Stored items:
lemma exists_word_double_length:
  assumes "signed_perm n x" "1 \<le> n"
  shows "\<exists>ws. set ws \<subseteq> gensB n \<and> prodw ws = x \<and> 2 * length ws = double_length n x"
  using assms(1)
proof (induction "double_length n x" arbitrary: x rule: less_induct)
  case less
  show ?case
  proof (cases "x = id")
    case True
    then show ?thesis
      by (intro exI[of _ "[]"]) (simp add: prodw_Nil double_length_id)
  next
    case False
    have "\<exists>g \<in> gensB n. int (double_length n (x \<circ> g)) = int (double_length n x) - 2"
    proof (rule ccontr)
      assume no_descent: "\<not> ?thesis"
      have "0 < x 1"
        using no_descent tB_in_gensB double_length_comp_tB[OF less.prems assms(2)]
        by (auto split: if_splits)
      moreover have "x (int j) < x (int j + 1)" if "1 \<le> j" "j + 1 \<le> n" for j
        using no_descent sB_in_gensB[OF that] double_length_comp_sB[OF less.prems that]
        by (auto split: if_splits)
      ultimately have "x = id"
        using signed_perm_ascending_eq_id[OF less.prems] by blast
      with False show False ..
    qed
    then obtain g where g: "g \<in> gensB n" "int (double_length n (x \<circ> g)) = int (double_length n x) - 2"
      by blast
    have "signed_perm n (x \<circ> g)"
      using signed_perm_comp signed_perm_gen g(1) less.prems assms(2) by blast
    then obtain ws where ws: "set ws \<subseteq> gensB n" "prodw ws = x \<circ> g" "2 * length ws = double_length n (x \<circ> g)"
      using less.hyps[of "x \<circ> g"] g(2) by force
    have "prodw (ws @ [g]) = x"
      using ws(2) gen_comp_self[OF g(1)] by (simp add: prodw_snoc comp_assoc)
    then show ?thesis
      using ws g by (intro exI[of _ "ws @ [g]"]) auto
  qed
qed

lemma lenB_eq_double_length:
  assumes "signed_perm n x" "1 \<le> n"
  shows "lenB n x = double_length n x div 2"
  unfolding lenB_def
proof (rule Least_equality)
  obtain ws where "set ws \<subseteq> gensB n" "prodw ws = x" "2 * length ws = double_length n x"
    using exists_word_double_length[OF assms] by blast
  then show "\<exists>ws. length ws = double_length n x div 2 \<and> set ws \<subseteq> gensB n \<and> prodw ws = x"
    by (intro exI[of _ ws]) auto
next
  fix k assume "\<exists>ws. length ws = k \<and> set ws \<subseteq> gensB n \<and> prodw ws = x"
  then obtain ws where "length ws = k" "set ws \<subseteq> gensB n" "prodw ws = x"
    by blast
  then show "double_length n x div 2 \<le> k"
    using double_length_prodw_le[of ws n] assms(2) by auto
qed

Exercise: Pull out all lines from the entries above that include the word "proof".

Solution:
proof (induction "double_length n x" arbitrary: x rule: less_induct)
  proof (cases "x = id")
    proof (rule ccontr)
proof (rule Least_equality)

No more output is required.